Recently I was asked whether Canada is still a dominion. Certainly on the old maps from my childhood the northern half of the North American continent had DOMINION OF CANADA emblazoned across it. But now one rarely if ever hears this term used. What happened in the meantime?

When the Fathers of Confederation were meeting to negotiate a union of the British North American colonies in the 1860s, they considered a number of possibilities as to its name. Canada at that time applied only to the united province of Canada, that is, southern Ontario and southern Québec. Here is the account of the London Conference of 1866-7 from the Library and Archives Canada website:

Choosing "Canada" as the new country's name was relatively easy, as was the choice of "Ontario" and "Quebec" for the two halves of the Province of Canada. However, difficulties arose in choosing a designation. The delegates wished it to be a kingdom; the British feared that such a title would anger the United States, and denied the request. An alternative, "Dominion," was suggested by Samuel Leonard Tilley, from a line in Psalm 72 of the Bible: "He shall have dominion also from sea to sea, and from the river unto the ends of the earth."

By the early 20th century dominion had come to describe those countries within the British Empire which were effectively autonomous with respect to domestic affairs but were still dependent on the United Kingdom with respect to external affairs. At the time of the Statute of Westminster, 1931, when the dominions became effectively independent, there were six dominions, which now had legal equality with the UK itself: Canada, Australia, New Zealand, the Union of South Africa, Newfoundland and the Irish Free State. After this point, these six countries had the authority to alter their own constitutions and set their own foreign and external policies.

However, Canada remained anomalous for just over a half century thereafter. Our chief constitutional document was not an entrenched document but an act of the British Parliament known as the British North America Act.
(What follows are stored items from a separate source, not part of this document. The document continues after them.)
(* Let $I, J$ be completely regular Hausdorff spaces, $X, Y$ Hausdorff locally convex topological vector spaces over $\mathbb{C}$, with $X\otimes Y$ given a locally convex Hausdorff topology for which $(x,y)\mapsto x\otimes y$ is continuous. Let $V$, $W$, $U$ be Nachbin families on $I$, $J$, $I \times J$ respectively. Suppose (i) for all $(t, s) \in I \times J$, $\overline{CV_0(I, X)(t) \otimes CW_0(J, Y)(s)} = \overline{CU_{0}(I \times J, X \otimes Y)(t, s)}$, and (ii) $CV_{0}(I, X) \otimes CW_{0}(J, Y) \subset CU_{0}(I \times J, X \otimes Y)$. Then $CU_{0}(I \times J, X \otimes Y)$ is the closure of $CV_{0}(I, X) \otimes CW_{0}(J, Y)$ in the topology of $CU_{0}(I \times J, X \otimes Y)$.
   Context: A Nachbin family on $\Omega$ is a set $V$ of upper semicontinuous functions $\Omega\to\mathbb{R}_+$ such that for $v_1,v_2\in V$ there are $\lambda\ge0$, $w\in V$ with $v_1,v_2\le\lambda w$, and for each $x$ some $v\in V$ has $v(x)>0$. For a locally convex space $Z$ with seminorms $\mathfrak{A}$, $g:\Omega\to Z$ vanishes at infinity if for each $p\in\mathfrak{A}$, $\epsilon>0$ the closure of $\{x:p(g(x))\ge\epsilon\}$ is compact; $CV_0(\Omega,Z)=\{f\in C(\Omega,Z):vf\text{ vanishes at infinity }\forall v\in V\}$, topologized by seminorms $f\mapsto\sup_x v(x)p(f(x))$. For a set $\mathcal{W}$ of functions, $\mathcal{W}(s)=\{f(s):f\in\mathcal{W}\}$. For $f:I\to X$, $g:J\to Y$, $(f\otimes g)(t,s)=f(t)\otimes g(s)$, and $\mathcal{W}\otimes\mathcal{V}=\mathrm{span}\{f\otimes g\}$; for subsets $X_1\subset X$, $Y_1\subset Y$, $X_1\otimes Y_1=\mathrm{span}\{x\otimes y:x\in X_1,y\in Y_1\}$. *)

theory Defs
  imports "HOL-Analysis.Analysis"
begin
lemma card_nonvanishing_params_le:
  assumes "x \<in> bitstrings n" "z \<in> bitstrings n" "x \<noteq> replicate n False"
  shows "card (nonvanishing_params n x z) * 2 ^ n \<le> card (phase_params n)"
  using assms
proof (induction n arbitrary: x z)
  case 0
  then show ?case by (simp add: bitstrings_def)
next
  case (Suc n)
  then obtain \<xi> x' \<zeta> z' where x: "x = \<xi> # x'" and x': "x' \<in> bitstrings n"
    and z: "z = \<zeta> # z'" and z': "z' \<in> bitstrings n"
    by (auto simp: bitstrings_def length_Suc_conv)
  define K where "K = card (phase_params n)"
  have xor_z': "bits_xor z' c \<in> bitstrings n" if "c \<in> bitstrings n" for c
    using that z' by (simp add: bitstrings_def)
  consider "\<not> \<xi>" | "\<xi>" "x' \<noteq> replicate n False" | "\<xi>" "x' = replicate n False"
    by blast
  then have "card (nonvanishing_params (Suc n) x z) * 2 ^ n \<le> 2 ^ n * K"
  proof cases
    case 1
    with Suc.prems x have x'_nonzero: "x' \<noteq> replicate n False" by auto
    have "card (nonvanishing_params (Suc n) x z) * 2 ^ n =
        (card {c \<in> bitstrings n. bits_dot c x' = \<zeta>} * 2) * (card (nonvanishing_params n x' z') * 2 ^ n)"
      using 1 by (simp add: x z card_nonvanishing_params_Cons_False[OF x'])
    also have "\<dots> \<le> 2 ^ n * K"
      using Suc.IH[OF x' z' x'_nonzero] card_bits_dot_eq[OF x' x'_nonzero] by (simp add: K_def)
    finally show ?thesis .
  next
    case 2
    have "card (nonvanishing_params (Suc n) x z) * 2 ^ n =
        (\<Sum>c\<in>bitstrings n. card (nonvanishing_params n x' (bits_xor z' c)) * 2 ^ n)"
      using 2 by (simp add: x z card_nonvanishing_params_Cons_True[OF x' z'] sum_distrib_right)
    also have "\<dots> \<le> (\<Sum>c\<in>bitstrings n. K)"
      using Suc.IH[OF x' xor_z' 2(2)] by (intro sum_mono) (simp add: K_def)
    finally show ?thesis by simp
  next
    case 3
    \<comment> \<open>Only \<open>c = z'\<close> contributes: for the others the remaining string is diagonal.\<close>
    have vanish: "card (nonvanishing_params n x' (bits_xor z' c)) = 0"
      if "c \<in> bitstrings n" "c \<noteq> z'" for c
    proof -
      have "bits_xor z' c \<noteq> replicate n False"
        using that z' bits_xor_eq_replicate_False[of z' c] by (auto simp: bitstrings_def)
      then show ?thesis
        using nonvanishing_params_diagonal[OF xor_z'[OF that(1)]] 3(2) by simp
    qed
    have "card (nonvanishing_params (Suc n) x z) =
        (\<Sum>c\<in>bitstrings n. card (nonvanishing_params n x' (bits_xor z' c)))"
      using 3(1) by (simp add: x z card_nonvanishing_params_Cons_True[OF x' z'])
    also have "\<dots> = card (nonvanishing_params n x' (bits_xor z' z'))"
      by (subst sum.remove[OF finite_bitstrings z']) (simp add: vanish sum.neutral)
    also have "\<dots> \<le> K"
      unfolding K_def nonvanishing_params_def by (intro card_mono) auto
    finally show ?thesis by simp
  qed
  then show ?case
    by (simp add: card_phase_params_Suc K_def del: phase_params.simps(2))
qed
Whenever our political leaders wished to change this act, they had to appeal to the Parliament in London to do so. Of course, London would accede to this request as a matter of course. Yet, because these leaders could not agree on an amending formula for an entrenched document, they could not manage to change Canada's continued status of technical dependence on the United Kingdom. At some point during this period the word dominion came to be associated with this dependence and fell into disuse as a consequence.

At one time Canada Day, 1 July, was known as Dominion Day. Federal-provincial relations were called Dominion-provincial relations, as indicated in the earlier editions of Robert MacGregor Dawson's Government of Canada. Certainly by 1978, the year I moved to Toronto, dominion was gone, apparently for good. No one, as far as I know, had made a deliberate decision to dispense with the word. But gradually it had become obsolete.

Not everyone is happy with this. If John Diefenbaker were still around, he would be kicking up a fuss. Moreover, someone with obvious monarchist sympathies is maintaining a website devoted to the Dominion of Canada (note Diefenbaker's image on the left). However, for most other Canadians the disappearance of the word dominion does not loom large in their consciousness.